Les Régiments d'Infanterie, et les Compagnies de Cavalerie, dont on avait convenu, ne furent pas plutôt reçus et logées dans chaque Communauté, qu'elles se saisirent de tous les passages, et furent suivies de tout le reste de l'armée. On les pria de loger aux Bourgs et Villages plus bas, comme leur étant plus commode, avec offre de leur fournir tout ce qui leur serait nécessaire : mais ils poussèrent tant que le jour le leur permit, jusqu'aux lieux les plus hauts qui étaient habités. Une partie de l'armée monta par le chemin ordinaire d'Angrogne, une autre partie par celui du Villar et de Bobbi, et le troisième corps de l'armée par un chemin abrégé, s'alla jeter dans le pré du Tour, qui était le lieu le plus fort d'Angrogne, et qui servait comme de Donjon aux Vaudois, et en montant mit le feu partout où il passa, et égorgea tout ceux qu'il rencontra en son chemin.

Ce procédé si étrange et si barbare découvrit la trahison. Chacun alors pensa à sauver sa vie.

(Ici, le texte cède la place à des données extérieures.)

(* For integers $k\geq1$ and $n_1,\dots,n_{k}\geq0$, \[ \sum_{\substack{t_1,\dots,t_k\ge0 \\ t_1=t_k=0}} \prod_{i=1}^{k-1} q^{t_{i+1}(n_{i+1} - t_i + t_{i+1})} \begin{bmatrix} n_i+t_i\\ n_i\end{bmatrix}_q \begin{bmatrix} n_i+n_{i+1}\\ n_i+t_i-t_{i+1}\end{bmatrix}_q = \begin{bmatrix} n_1+\cdots+n_{k}\\ n_1,\dots,n_{k}\end{bmatrix}_q. \]
   Context: $[m]_q=1+q+\dots+q^{m-1}$, $[m]_q!=[1]_q\cdots[m]_q$; $\begin{bmatrix} m\\ j\end{bmatrix}_q=\frac{[m]_q!}{[j]_q![m-j]_q!}$ for $0\le j\le m$ and $0$ otherwise; $\begin{bmatrix} n_1+\cdots+n_k\\ n_1,\dots,n_k\end{bmatrix}_q=\frac{[n_1+\cdots+n_k]_q!}{[n_1]_q!\cdots[n_k]_q!}$. The sum is over integer tuples; an empty product equals $1$. *)

theory Defs
  imports "HOL-Computational_Algebra.Polynomial" "HOL-Library.Groups_Big_Fun"
begin

text \<open>q-analogues as polynomials in the formal variable q = [:0,1:].\<close>

definition qint :: "nat \<Rightarrow> 'a::field poly" where
  "qint m = (\<Sum>i<m. monom 1 i)"

definition qfact :: "nat \<Rightarrow> 'a::field poly" where
  "qfact m = (\<Prod>i=1..m. qint i)"

definition qbinom :: "int \<Rightarrow> int \<Rightarrow> 'a::field poly" where
  "qbinom m j = (if 0 \<le> j \<and> j \<le> m
     then qfact (nat m) div (qfact (nat j) * qfact (nat (m - j))) else 0)"

definition qmultinom :: "nat \<Rightarrow> (nat \<Rightarrow> nat) \<Rightarrow> 'a::field poly" where
  "qmultinom k n = qfact (\<Sum>i=1..k. n i) div (\<Prod>i=1..k. qfact (n i))"

end

theory Submission
  imports Defs
begin

text \<open>
  Proof idea (a transfer-matrix argument).  Write N_k = n_1 + ... + n_k and let the
  weight of a step t_i \<rightarrow> t_{i+1} be the i-th factor of the product.  For a bound M \<ge> N_k,
  let G_k(s) be the sum of the product of the first k-1 weights over all tuples
  t_1, ..., t_k in [0, M] with t_1 = 0 and t_k = s.  Splitting off the last coordinate gives
  G_{k+1}(s') = \<Sum>_s G_k(s) w_k(s, s'), and by induction on k
      G_k(s) = q^{s(n_k+s)} [N_k, n_k+s] \<cdot> [N_{k-1}; n_1, ..., n_{k-1}].
  The induction step rests on three q-binomial facts: the trinomial revision
  [N, c+s][c+s, c] = [N, c][N-c, s], symmetry [m, j] = [m, m-j], and the q-Vandermonde
  identity \<Sum>_s q^{s(B-r+s)} [a, s][B, r-s] = [a+B, r].  Taking s = 0 and using
  [N_k; n_1, ..., n_k] = [N_{k-1}; n_1, ..., n_{k-1}] [N_k, n_k] yields the theorem, once we
  know that every tuple contributing to the sum is bounded by N_k.
\<close>

lemma qint_altdef: "qint m = (\<Sum>i<m. [:0,1:] ^ i)"
  by (simp add: qint_def monom_altdef)

lemma qint_add: "(qint (a + b) :: 'a::field poly) = qint a + [:0,1:] ^ a * qint b"
  by (induct b) (simp_all add: qint_altdef algebra_simps power_add)

text \<open>[m+1]_q has constant term 1, so it is a nonzero polynomial.\<close>
lemma qint_Suc_nonzero: "(qint (Suc m) :: 'a::field poly) \<noteq> 0"
proof
  assume "(qint (Suc m) :: 'a poly) = 0"
  moreover have "poly (qint (Suc m) :: 'a poly) 0 = 1"
    by (simp add: qint_altdef poly_sum lessThan_Suc_eq_insert_0 sum.reindex zero_power)
  ultimately show False by simp
qed

lemma qfact_0 [simp]: "qfact 0 = 1"
  by (simp add: qfact_def)

lemma qfact_Suc: "qfact (Suc m) = qfact m * qint (Suc m)"
  by (simp add: qfact_def)

lemma qfact_nonzero: "(qfact m :: 'a::field poly) \<noteq> 0"
  by (induct m) (simp_all add: qfact_Suc qint_Suc_nonzero)

text \<open>The Gaussian binomial defined by the q-Pascal recursion on natural numbers; it avoids
  the polynomial division in the definition of qbinom, which is recovered below.\<close>
fun qbin :: "nat \<Rightarrow> nat \<Rightarrow> 'a::field poly" where
  "qbin m 0 = 1"
| "qbin 0 (Suc j) = 0"
| "qbin (Suc m) (Suc j) = [:0,1:] ^ (m - j) * qbin m j + qbin m (Suc j)"

lemma qbin_eq_0: "m < j \<Longrightarrow> qbin m j = 0"
proof (induct m arbitrary: j)
  case 0 then show ?case by (cases j) auto
next
  case (Suc m) then show ?case by (cases j) auto
qed

lemma qbin_qfact: "j \<le> m \<Longrightarrow> qfact j * qfact (m - j) * qbin m j = (qfact m :: 'a::field poly)"
proof (induct m arbitrary: j)
  case 0 then show ?case by simp
next
  case (Suc m j)
  show ?case
  proof (cases j)
    case 0 then show ?thesis by simp
  next
    case (Suc i)
    with Suc.prems have "i \<le> m" by simp
    with Suc.hyps have IH1: "qfact i * qfact (m - i) * qbin m i = (qfact m :: 'a poly)" by simp
    show ?thesis
    proof (cases "i = m")
      case True
      then show ?thesis using IH1 Suc by (simp add: qfact_Suc qbin_eq_0 qfact_nonzero algebra_simps)
    next
      case False
      with \<open>i \<le> m\<close> have "Suc i \<le> m" by simp
      with Suc.hyps have IH2: "qfact (Suc i) * qfact (m - Suc i) * qbin m (Suc i) = (qfact m :: 'a poly)"
        by simp
      have diff: "m - i = Suc (m - Suc i)" using \<open>Suc i \<le> m\<close> by simp
      have split: "(qint (Suc m) :: 'a poly) = qint (m - i) + [:0,1:] ^ (m - i) * qint (Suc i)"
        using qint_add[of "m - i" "Suc i", where 'a='a] \<open>i \<le> m\<close> by simp
      have "qfact (Suc i) * qfact (Suc m - Suc i) * (qbin (Suc m) (Suc i) :: 'a poly)
          = [:0,1:] ^ (m - i) * qint (Suc i) * (qfact i * qfact (m - i) * qbin m i)
            + qint (m - i) * (qfact (Suc i) * qfact (m - Suc i) * qbin m (Suc i))"
        by (simp add: diff qfact_Suc algebra_simps)
      also have "\<dots> = qfact m * qint (Suc m)"
        unfolding IH1 IH2 split by (simp add: algebra_simps)
      finally show ?thesis using Suc by (simp add: qfact_Suc)
    qed
  qed
qed

lemma qbinom_outside: "\<not> (0 \<le> j \<and> j \<le> m) \<Longrightarrow> qbinom m j = 0"
  by (auto simp: qbinom_def)

lemma qbinom_nonzeroD: "qbinom m j \<noteq> 0 \<Longrightarrow> 0 \<le> j \<and> j \<le> m"
  using qbinom_outside by blast

lemma qbinom_0_left: "qbinom 0 s = (if s = 0 then 1 else 0)"
  by (simp add: qbinom_def)

lemma qbinom_diag: "0 \<le> m \<Longrightarrow> qbinom m m = 1"
  by (simp add: qbinom_def qfact_nonzero)

lemma qbinom_of_nat: "qbinom (int m) (int j) = (qbin m j :: 'a::field poly)"
proof (cases "j \<le> m")
  case True
  then have "(qfact m :: 'a poly) = (qfact j * qfact (m - j)) * qbin m j"
    by (simp add: qbin_qfact)
  moreover have "qbinom (int m) (int j) = (qfact m div (qfact j * qfact (m - j)) :: 'a poly)"
    using True by (simp add: qbinom_def nat_diff_distrib del: of_nat_diff)
  ultimately show ?thesis by (simp add: qfact_nonzero)
next
  case False
  then show ?thesis by (simp add: qbinom_def qbin_eq_0)
qed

La plupart des hommes se jetèrent sur les montagnes à la faveur de la nuit, sauvèrent une partie de leurs familles, qu'ils dérobèrent aux Massacreurs, et se glissèrent par l'autre pente de la montagne dans la Vallée de Pérouse terre du Roi de France.


Cette armée altérée du sang des Saints, trouva à la vérité les maisons d'Angrogne remplies de biens, tant des naturels habitants, que des Réfugiés des lieux, d'où ils avaient été chassés par l'ordonnance de Gaftaldo : mais ils n'y trouvèrent que peu d'habitants, si ce n'est des femmes, des enfants, des vieillards, et des malades.
Les ennemis des Vaudois s'étant par cette trahison et perfidie, rendus Maîtres de toutes les Vallées, sans excepter les lieux les plus forts, qui leur auraient servi d'asile et de forteresse contre leurs persécuteurs, demeurèrent deux jours sans exercer leur rage et leur cruauté projetée, feignant de ne vouloir faire autre chose, que se rafraîchir deux ou trois jours, selon l'ordre de leur logement, et cependant ils exhortaient puissamment ceux qui étaient restés, de rappeler les fugitifs avec assurance, qu'on ne leur ferait aucun mal. Il y en eût d'assez crédules, qui se jetèrent dans les filets, qu'ils avaient heureusement évités.
Au troisième jour, qui fût le 24 d'Avril, le signal ayant été donné sur la colline de la Tour, qu'on appelé le Castelas, toutes les innocentes créatures qui se trouvèrent en la puissance de cette armée de Bourreaux, furent égorgées, de la manière la plus cruelle qu'on puisse penser ni imaginer. On ne les tua pas comme des brebis qu'on tue à la boucherie, ou comme des ennemis vaincus, qu'on fait passer au fil de l'épée sans leur donner aucun quartier, mais d'une manière bien plus cruelle et plus barbare. Les enfants furent impitoyablement arrachés des mamelles de leur mères, et froissés et écrasés par ces Bourreaux contre les rochers et les murailles, où souvent leurs cervelles restaient plâtrées.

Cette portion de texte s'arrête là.